A partir de entonces los cuatro se encontraron cada día en algún lugar del barco. Y los ojos verdes de María comenzaron a ser lo único que Santiago pensaba antes de dormir. Y ella miraba la luna desde su ventana redonda y suspiraba tanto que su hermano se había dado cuenta de que estaba enamorada. Una tarde Santiago se animó y le pidió a María que lo acompañara a ver la puesta de sol en la cubierta. Ella se puso roja y casi dice que “no” de los nervios, Pero dijo “si” moviendo la cabeza, deseando que Ton no estuviera mirándolos. Mientras el sol desaparecía en el mar, Santiago se sentó muy cerca de María. Luego tomó aire y haciéndose el distraído entrelazó la mano de su amiga con la suya.

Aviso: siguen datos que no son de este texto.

lemma sum_diff_weight_binomial_fun:
  assumes k: "k \<in> exps_upto r n" and k': "k' \<in> exps_upto r n"
  shows "(\<Sum>a\<in>exps_upto r n. diff_weight r k a * binomial_fun r k' (int \<circ> a))
    = of_bool (k = k')"
proof -
  have "(\<Sum>a\<in>exps_upto r n. diff_weight r k a * binomial_fun r k' (int \<circ> a))
      = (\<Sum>a\<in>{..k}. diff_weight r k a * binomial_fun r k' (int \<circ> a))"
  proof (rule sum.mono_neutral_right[OF finite_exps_upto atMost_subset_exps_upto[OF k]],
      intro ballI)
    fix a assume "a \<in> exps_upto r n - {..k}"
    then have a: "a \<in> exps_upto r n" and "\<not> a \<le> k" by auto
    then obtain i where "k i < a i"
      by (auto simp: le_fun_def not_le)
    moreover have "i < r"
      using exps_upto_vanishes[OF a] calculation by (metis not_less not_less_zero)
    ultimately have "diff_weight r k a = 0"
      unfolding diff_weight_def by (intro prod_zero) (auto simp: binomial_eq_0)
    then show "diff_weight r k a * binomial_fun r k' (int \<circ> a) = 0" by simp
  qed
  also have "\<dots> = (\<Sum>a\<in>{..k}. \<Prod>i<r.
      (-1) ^ (k i - a i) * of_nat (k i choose a i) * of_nat (a i choose k' i))"
    unfolding diff_weight_def binomial_fun_of_nat by (simp add: prod.distrib)
  also have "\<dots> = (\<Prod>i<r. \<Sum>t\<le>k i.
      (-1) ^ (k i - t) * of_nat (k i choose t) * of_nat (t choose k' i))"
    by (rule prod_sum_atMost_fun[OF exps_upto_vanishes[OF k], symmetric])
  also have "\<dots> = (\<Prod>i<r. of_bool (k' i = k i))"
    by (simp add: sum_alternating_choose_choose)
  also have "\<dots> = of_bool (k = k')"
  proof -
    have "k = k' \<longleftrightarrow> (\<forall>i<r. k' i = k i)"
    proof
      assume agree: "\<forall>i<r. k' i = k i"
      show "k = k'"
      proof
        fix i show "k i = k' i"
          using agree exps_upto_vanishes[OF k] exps_upto_vanishes[OF k'] by (cases "i < r") auto
      qed
    qed simp
    then show ?thesis by (auto simp: prod_zero_iff)
  qed
  finally show ?thesis .
qed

Santiago pensó: “Cuando el sol no se vea más, le doy un beso”. Al mismo tiempo María decía: “Si Santiago no me da un beso, se lo doy yo y me voy corriendo”. Cuando el sol se ocultó bajo las olas, Santiago y María se miraron. Él acercó su rostro y cerró los ojos. Ella no, todo el tiempo miró las oscurísimas y largas pestañas de su amigo. Aún cuando sintió el calorcito de los labios de Santiago sobre los suyos. Aún cuando escuchó el sonido apagado y dulce que hizo el primer beso al terminarse y transformarse en el segundo. Todos los días siguientes a “ese” atardecer desearon que el viaje no terminara nunca. Y la mañana que arribaron a Buenos Aires, hubo una neblina intensa en los ojos de Santiago y María.

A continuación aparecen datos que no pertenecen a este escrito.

lemma top_job_eventually_fixed:
  assumes chain: "\<forall>n. improvement_step (f n) (f (Suc n))"
    and fixed: "\<forall>n j. j \<notin> D \<longrightarrow> f (Suc n) j = f n j"
    and top: "\<And>h. h \<in> D \<Longrightarrow> h \<noteq> k \<Longrightarrow> \<pi> slow k < \<pi> slow h"
  shows "\<exists>N. \<forall>n\<ge>N. f n k = f N k"
proof (cases "\<exists>t. f (Suc t) k \<noteq> f t k \<and> f (Suc t) k = slow")
  case True
  then obtain t where "f (Suc t) k \<noteq> f t k" and "f (Suc t) k = slow"
    by blast
  then have "settled (f (Suc t)) k"
    using chain settled_after_move_to_slow by blast
  have "settled (f n) k" if "Suc t \<le> n" for n
    using that
  proof (induction n rule: dec_induct)
    case (step n)
    obtain h m where step: "f (Suc n) = (f n)(h := m)" and better: "improving (f n) h m"
      using improvement_stepE chain by blast
    have "h \<noteq> k"
      using settled_stays[OF step.IH] chain step improving_changes_machine[OF better] by fastforce
    moreover have "h \<in> D"
      using fixed step improving_changes_machine[OF better] by (metis fun_upd_same)
    ultimately show ?case
      unfolding step using settled_preserved[OF step.IH better] top by blast
  qed fact
  then have "\<forall>n\<ge>Suc t. f n k = f (Suc t) k"
    unfolding settled_def by simp
  then show ?thesis
    by blast
next
  case False
  then have to_fast: "f (Suc n) k = f n k \<or> f (Suc n) k = fast" for n
    using slow_or_fast by blast
  show ?thesis
  proof (cases "\<exists>t. f t k = fast")
    case True
    then obtain t where t: "f t k = fast"
      by blast
    have "f n k = fast" if "t \<le> n" for n
      using that by (induction n rule: dec_induct) (use t to_fast in auto)
    then show ?thesis
      using t by blast
  next
    case False
    then show ?thesis
      using slow_or_fast by metis
  qed
qed

lemma no_infinite_improvement_sequence_moving_within:
  "\<nexists>f. (\<forall>n. improvement_step (f n) (f (Suc n))) \<and> (\<forall>n j. j \<notin> D \<longrightarrow> f (Suc n) j = f n j)"
  using finite[of D]
proof (induction D rule: finite_remove_induct)
  case empty
  show ?case
  proof
    assume "\<exists>f. (\<forall>n. improvement_step (f n) (f (Suc n))) \<and> (\<forall>n j. j \<notin> {} \<longrightarrow> f (Suc n) j = f n j)"
    then obtain f where "improvement_step (f 0) (f (Suc 0))" and "f (Suc 0) = f 0"
      by blast
    then show False
      using improvement_step_changes by metis
  qed
next
  case (remove A)
  show ?case
  proof
    assume "\<exists>f. (\<forall>n. improvement_step (f n) (f (Suc n))) \<and> (\<forall>n j. j \<notin> A \<longrightarrow> f (Suc n) j = f n j)"
    then obtain f where chain: "\<forall>n. improvement_step (f n) (f (Suc n))"
      and fixed: "\<forall>n j. j \<notin> A \<longrightarrow> f (Suc n) j = f n j"
      by blast
    obtain k where "k \<in> A" and least: "\<And>h. h \<in> A \<Longrightarrow> \<pi> slow k \<le> \<pi> slow h"
      using ex_has_least_nat[of "\<lambda>k. k \<in> A" _ "\<pi> slow"] \<open>A \<noteq> {}\<close> by blast
    have "\<pi> slow k < \<pi> slow h" if "h \<in> A" "h \<noteq> k" for h
      using least[OF that(1)] that(2) by (metis le_neq_implies_less prio_eq_iff)
    then obtain N where N: "\<forall>n\<ge>N. f n k = f N k"
      using top_job_eventually_fixed[OF chain fixed] by blast
    let ?g = "\<lambda>n. f (N + n)"
    have "\<forall>n. improvement_step (?g n) (?g (Suc n))"
      using chain by simp
    moreover have "\<forall>n j. j \<notin> A - {k} \<longrightarrow> ?g (Suc n) j = ?g n j"
    proof (intro allI impI)
      fix n j
      assume "j \<notin> A - {k}"
      then show "?g (Suc n) j = ?g n j"
        using fixed N[rule_format, of "N + n"] N[rule_format, of "N + Suc n"] by auto
    qed
    ultimately have "\<exists>g. (\<forall>n. improvement_step (g n) (g (Suc n))) \<and> (\<forall>n j. j \<notin> A - {k} \<longrightarrow> g (Suc n) j = g n j)"
      by (intro exI[of _ ?g] conjI)
    with remove.IH[OF \<open>k \<in> A\<close>] show False
      by (rule notE)
  qed
qed

end

context scheduling_game
begin

lemma no_infinite_improvement_sequence_two_machines:
  assumes "card (UNIV :: 'm set) = 2" and "\<And>k. is_pos (p k)"
  shows "\<nexists>f. \<forall>n. improvement_step (f n) (f (Suc n))"
proof -
  obtain x y :: 'm where "UNIV = {x, y}"
    using assms(1) card_2_iff by metis
  then obtain slow fast where "UNIV = {slow, fast}" and "s slow \<le> s fast"
    by (metis insert_commute linear)
  then interpret two_machine_game s \<pi> p slow fast
    using assms(2) by unfold_locales
  show ?thesis
    using no_infinite_improvement_sequence_moving_within[of UNIV] by simp
qed

lemma no_infinite_improvement_sequence:
  assumes "game_class s \<pi> p"
  shows "\<nexists>f. \<forall>k. improvement_step (f k) (f (Suc k))"
proof -
  consider (identical_ptimes) "\<forall>i j. p i = p j"
    | (two_machines) "card (UNIV :: 'm set) = 2" "\<forall>i. is_pos (p i)"
    | (identical_machines) "\<forall>m m'. s m = s m'" "\<forall>k m. is_pos (p k) \<or> det_rate (p k) \<le> s m"
    | (global_priority) "\<forall>m m'. \<pi> m = \<pi> m'"
    using assms unfolding game_class_def by blast
  then show ?thesis
  proof cases
    case identical_ptimes
    show ?thesis
      by (rule no_infinite_chain_key_descent, rule key_descent_identical_ptimes)
        (use identical_ptimes in auto)
  next
    case two_machines
    then show ?thesis
      using no_infinite_improvement_sequence_two_machines by blast
  next
    case identical_machines
    then have mono: "mono (\<lambda>t. t + ptime_eval (p k) t / s m)" for k m
      by (intro mono_ptime_step[OF ptimes_ok speed_pos]) blast
    show ?thesis
      by (rule no_infinite_chain_key_descent, rule key_descent_monotone_identical_machines)
        (use identical_machines mono in auto)
  next
    case global_priority
    show ?thesis
      by (rule no_infinite_chain_key_descent, rule key_descent_global_priority)
        (use global_priority in auto)
  qed
qed

end

theorem theorem5:
  fixes s :: "'m::finite \<Rightarrow> real" and \<pi> :: "'m \<Rightarrow> 'j::finite \<Rightarrow> nat" and p :: "'j \<Rightarrow> ptime"
  assumes "valid_game s \<pi> p"
    and "game_class s \<pi> p"
  shows "\<not> (\<exists>f :: nat \<Rightarrow> ('j \<Rightarrow> 'm). \<forall>k. br_step s \<pi> p (f k) (f (Suc k)))
         \<and> (\<forall>\<sigma>. (\<nexists>\<sigma>'. br_step s \<pi> p \<sigma> \<sigma>') \<longrightarrow> is_NE s \<pi> p \<sigma>)"
proof
  interpret scheduling_game s \<pi> p
    by (rule scheduling_game.intro) fact
  show "\<forall>\<sigma>. (\<nexists>\<sigma>'. br_step s \<pi> p \<sigma> \<sigma>') \<longrightarrow> is_NE s \<pi> p \<sigma>"
    using NE_if_no_br_step by blast
  have "\<nexists>f. \<forall>k. improvement_step (f k) (f (Suc k))"
    using assms(2) by (rule no_infinite_improvement_sequence)
  then show "\<nexists>f. \<forall>k. br_step s \<pi> p (f k) (f (Suc k))"
    using improvement_step_if_br_step by blast
qed

end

Sabían que iba a ser difícil encontrarse nuevamente en un país tan grande como Argentina. Santiago y José irían a una ciudad llamada Mar del Plata, donde un viejo amigo de sus padres los esperaba con un trabajo en el puerto. María y Ton ya tenían una casa en Buenos Aires. Esos besos serían un recuerdo secreto que los uniría para siempre. Y ambos juraron por su sangre amarse hasta la muerte. Ya habían pasado ocho años en Argentina. Ahora María tenía diecinueve y de la niña flacucha y “puro ojos” sólo quedaba el verde esmeralda de sus pupilas. Eso fue lo que Santiago reconoció en la bella mujer que atendía la panadería en su barrio.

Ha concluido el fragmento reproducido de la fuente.